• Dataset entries
lemma monotone_epi_inv_into:
  assumes gA: "is_graph A" and gB: "is_graph B" and f: "graph_epi f B A" and inj: "inj_on f (verts B)"
  shows "monotone_epi (inv_into (verts B) f) A B"
proof (rule monotone_epi_inj[OF gA])
  have vA: "verts A = f ` verts B" using graph_epi_verts[OF f] by simp
  have inv: "inv_into (verts B) f (f a) = a" if "a \<in> verts B" for a using inv_into_f_f[OF inj that] .
  show "graph_epi (inv_into (verts B) f) A B"
  proof (rule graph_epiI)
    show "inv_into (verts B) f ` verts A = verts B" unfolding vA using inv_into_image_cancel[OF inj] by simp
    show "(inv_into (verts B) f c, inv_into (verts B) f d) \<in> edges B" if "(c, d) \<in> edges A" for c d
    proof -
      obtain a b where "(a, b) \<in> edges B" "f a = c" "f b = d" using graph_epi_edge_surj[OF f \<open>(c, d) \<in> edges A\<close>] by blast
      then show ?thesis using inv graph_edgeD1[OF gB] graph_edgeD2[OF gB] by auto
    qed
    show "\<exists>c d. (c, d) \<in> edges A \<and> inv_into (verts B) f c = a \<and> inv_into (verts B) f d = b"
      if ab: "(a, b) \<in> edges B" for a b
      using graph_epi_edge[OF f ab] inv graph_edgeD1[OF gB ab] graph_edgeD2[OF gB ab] by blast
  qed
  show "inj_on (inv_into (verts B) f) (verts A)" unfolding vA by (simp add: inj_on_inv_into)
qed


lemma in_TM3_rename:
  assumes C: "in_TM3 C" and inj: "inj_on f (verts C)"
  shows "in_TM3 (f ` verts C, map_prod f f ` edges C)" (is "in_TM3 ?D")
proof -
  note CD = in_TM3D[OF C]
  have eq: "f a = f b \<longleftrightarrow> a = b" if "a \<in> verts C" "b \<in> verts C" for a b
    using inj that by (auto dest: inj_onD)
  have "neighbours ?D (f c) = f ` neighbours C c" if c: "c \<in> verts C" for c
  proof (intro equalityI subsetI)
    fix y assume "y \<in> neighbours ?D (f c)"
    then obtain a b where ab: "(a, b) \<in> edges C" "f a = f c" "y = f b" "f b \<noteq> f c"
      by (auto simp: neighbours_def)
    then have "a = c" "b \<noteq> c" using eq c graph_edgeD1[OF CD(2) ab(1)] by auto
    then show "y \<in> f ` neighbours C c" using ab by (auto simp: neighbours_def)
  next
    fix y assume "y \<in> f ` neighbours C c"
    then obtain b where b: "(c, b) \<in> edges C" "b \<noteq> c" "y = f b" by (auto simp: neighbours_def)
    then have "f b \<noteq> f c" using eq c graph_edgeD2[OF CD(2) b(1)] by auto
    then show "y \<in> neighbours ?D (f c)" using b by (auto simp: neighbours_def)
  qed
  moreover have "card (f ` neighbours C c) = card (neighbours C c)" for c
    using graph_edgeD2[OF CD(2)]
    by (intro card_image inj_on_subset[OF inj]) (auto simp: neighbours_def)
  ultimately have "vorder ?D (f c) \<le> 3" if "c \<in> verts C" for c
    using that CD(5) by (simp add: vorder_neighbours)
  then show ?thesis
    using is_tree_rename[OF CD(1) inj] CD(4) card_image[OF inj] by (auto simp: in_TM3_def)
qed

lemma in_TM3_nat_copy:
  fixes C :: "'c graph"
  assumes C: "in_TM3 C"
  shows "\<exists>(D :: nat graph) h. in_TM3 D \<and> monotone_epi h D C"
proof -
  note CD = in_TM3D[OF C]
  obtain enc :: "'c \<Rightarrow> nat" where enc: "inj_on enc (verts C)"
    using finite_imp_inj_to_nat_seg[OF CD(3)] by blast
  let ?D = "(enc ` verts C, map_prod enc enc ` edges C)"
  have "in_TM3 ?D" using in_TM3_rename[OF C enc] .
  moreover have "monotone_epi (inv_into (verts C) enc) ?D C"
    using monotone_epi_inv_into[OF in_TM3D(2)[OF calculation] CD(2) graph_epi_rename[OF CD(2)] enc] .
  ultimately show ?thesis by blast
qed

lemma amalgamation_injective:
  fixes A :: "'a graph" and B :: "'b graph" and C :: "'c graph"
  assumes A: "is_graph A" and B: "is_graph B" and C: "in_TM3 C"
    and f: "monotone_epi f B A" and inj: "inj_on f (verts B)" and g: "monotone_epi g C A"
  shows "\<exists>(D :: nat graph) f0 g0. in_TM3 D \<and> monotone_epi f0 D B \<and> monotone_epi g0 D C
           \<and> (\<forall>x\<in>verts D. f (f0 x) = g (g0 x))"
proof -
  let ?f' = "inv_into (verts B) f"
  have ep: "graph_epi f B A" using f by (rule monotone_epi_graph_epi)
  have f': "monotone_epi ?f' A B" using monotone_epi_inv_into[OF A B ep inj] .
  obtain D :: "nat graph" and h where D: "in_TM3 D" "monotone_epi h D C"
    using in_TM3_nat_copy[OF C] by blast
  have gh: "monotone_epi (\<lambda>x. g (h x)) D A" using monotone_epi_comp[OF D(2) g] .
  have "f (?f' (g (h x))) = g (h x)" if "x \<in> verts D" for x
    using graph_epi_vert[OF monotone_epi_graph_epi[OF gh] that] graph_epi_verts[OF ep]
    by (auto intro: f_inv_into_f)
  then show ?thesis using D monotone_epi_comp[OF gh f'] by blast
qed

lemma amalgamation:
  fixes A :: "'a graph" and B :: "'b graph" and C :: "'c graph"
  assumes A: "in_TM3 A" and C: "in_TM3 C" and g: "monotone_epi g C A"
    and B: "is_tree B" and f: "monotone_epi f B A"
  shows "\<exists>(D :: nat graph) f0 g0. in_TM3 D \<and> monotone_epi f0 D B \<and> monotone_epi g0 D C
           \<and> (\<forall>x\<in>verts D. f (f0 x) = g (g0 x))"
  using B f
proof (induction "card (verts B)" arbitrary: B f rule: less_induct)
  case less
  note tree = less.prems(1) and f = less.prems(2)
  show ?case
  proof (cases "inj_on f (verts B)")
    case True
    then show ?thesis
      using amalgamation_injective[OF in_TM3D(2)[OF A] is_tree_graph[OF tree] C f _ g] by blast
  next
    case False
    then obtain x y where "x \<in> verts B" "y \<in> verts B" "x \<noteq> y" "f x = f y"
      unfolding inj_on_def by blast
    then obtain u v where uv: "(u, v) \<in> edges B" "u \<noteq> v" "f u = f v" "vorder B u \<le> 2"
      using collapsed_edge_of_low_order[OF tree A f] by blast
    have u: "u \<in> verts B" and v: "v \<in> verts B"
      using uv(1) is_tree_graph[OF tree] by (auto dest: graph_edgeD1 graph_edgeD2)
    have "card (verts (contract B u v)) < card (verts B)"
      using card_Diff1_less[OF is_tree_finite[OF tree] u] by (simp add: contract_def)
    then obtain D1 :: "nat graph" and f1 g1 where D1: "in_TM3 D1" "monotone_epi f1 D1 (contract B u v)"
      "monotone_epi g1 D1 C" "\<forall>x\<in>verts D1. f (f1 x) = g (g1 x)"
      using less.hyps is_tree_contract[OF tree uv(1,2)]
        monotone_epi_contract[OF is_tree_graph[OF tree] f v uv(2,3)] by blast
    obtain Z :: "nat graph" and p q where Z: "in_TM3 Z" "monotone_epi p Z B" "monotone_epi q Z D1"
      "\<forall>x\<in>verts Z. merge u v (p x) = f1 (q x)"
      using lift_through_contraction[OF tree uv(1,2,4) D1(1,2)] by blast
    have "f (p x) = g (g1 (q x))" if "x \<in> verts Z" for x
    proof -
      have "f (p x) = f (merge u v (p x))" using uv(3) by (simp add: merge_def)
      also have "\<dots> = f (f1 (q x))" using Z(4) that by simp
      also have "\<dots> = g (g1 (q x))" using D1(4) graph_epi_vert[OF monotone_epi_graph_epi[OF Z(3)] that] by simp
      finally show ?thesis .
    qed
    then show ?thesis using Z(1,2) monotone_epi_comp[OF Z(3) D1(3)] by blast
  qed
qed

definition edge_graph :: "bool graph" where
  "edge_graph = ({True, False}, UNIV)"

lemma in_TM3_edge_graph: "in_TM3 edge_graph"
proof -
  have "edge_graph = add_leaf ({False}, {(False, False)}) False True"
    by (auto simp: edge_graph_def add_leaf_def)
  then have "is_tree edge_graph" using is_tree_add_leaf[OF is_tree_singleton, of False False True] by simp
  moreover have "vorder edge_graph a \<le> 3" for a
    using card_mono[of "UNIV :: bool set" "neighbours edge_graph a"] by (simp add: vorder_neighbours)
  ultimately show ?thesis by (simp add: in_TM3_def edge_graph_def)
qed

lemma monotone_epi_pendant_indicator:
  assumes tree: "is_tree B" and pendant: "neighbours B l = {x}"
  shows "monotone_epi (\<lambda>z. z = l) B edge_graph"
proof -
  have g: "is_graph B" using tree by (rule is_tree_graph)
  have "x \<in> neighbours B l" using pendant by simp
  then have lx: "(l, x) \<in> edges B" "l \<noteq> x" by (auto simp: neighbours_def)
  have l: "l \<in> verts B" and x: "x \<in> verts B" using graph_edgeD1[OF g lx(1)] graph_edgeD2[OF g lx(1)] .
  have epi: "graph_epi (\<lambda>z. z = l) B edge_graph"
  proof (rule graph_epiI)
    show "(\<lambda>z. z = l) ` verts B = verts edge_graph"
      using l x lx(2) by (auto simp: edge_graph_def image_iff)
    show "\<exists>a b. (a, b) \<in> edges B \<and> (a = l) = c \<and> (b = l) = d" for c d
      using lx graph_edge_refl[OF g l] graph_edge_refl[OF g x] graph_edge_sym[OF g lx(1)]
      by (cases c; cases d) auto
  qed (simp add: edge_graph_def)
  show ?thesis
  proof (rule monotone_epiI_fibres[OF g epi])
    fix c :: bool
    show "set_connected B ((\<lambda>z. z = l) -` {c} \<inter> verts B)"
    proof (cases c)
      case True
      then have "(\<lambda>z. z = l) -` {c} \<inter> verts B = {l}" using l by auto
      then show ?thesis by (simp add: set_connected_singleton)
    next
      case False
      have "set_connected (delete_vertex B l) (verts (delete_vertex B l))"
        using set_connected_tree_verts[OF is_tree_delete_pendant[OF tree]] pendant by blast
      then have "set_connected B (verts B - {l})"
        using set_connected_mono_edges[of "delete_vertex B l" _ B] by (simp add: delete_vertex_def)
      moreover have "(\<lambda>z. z = l) -` {c} \<inter> verts B = verts B - {l}" using False by auto
      ultimately show ?thesis by simp
    qed
  qed
qed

• Task
The answer should be a single number: how many lines in the records contain "dots".

• Written reply
2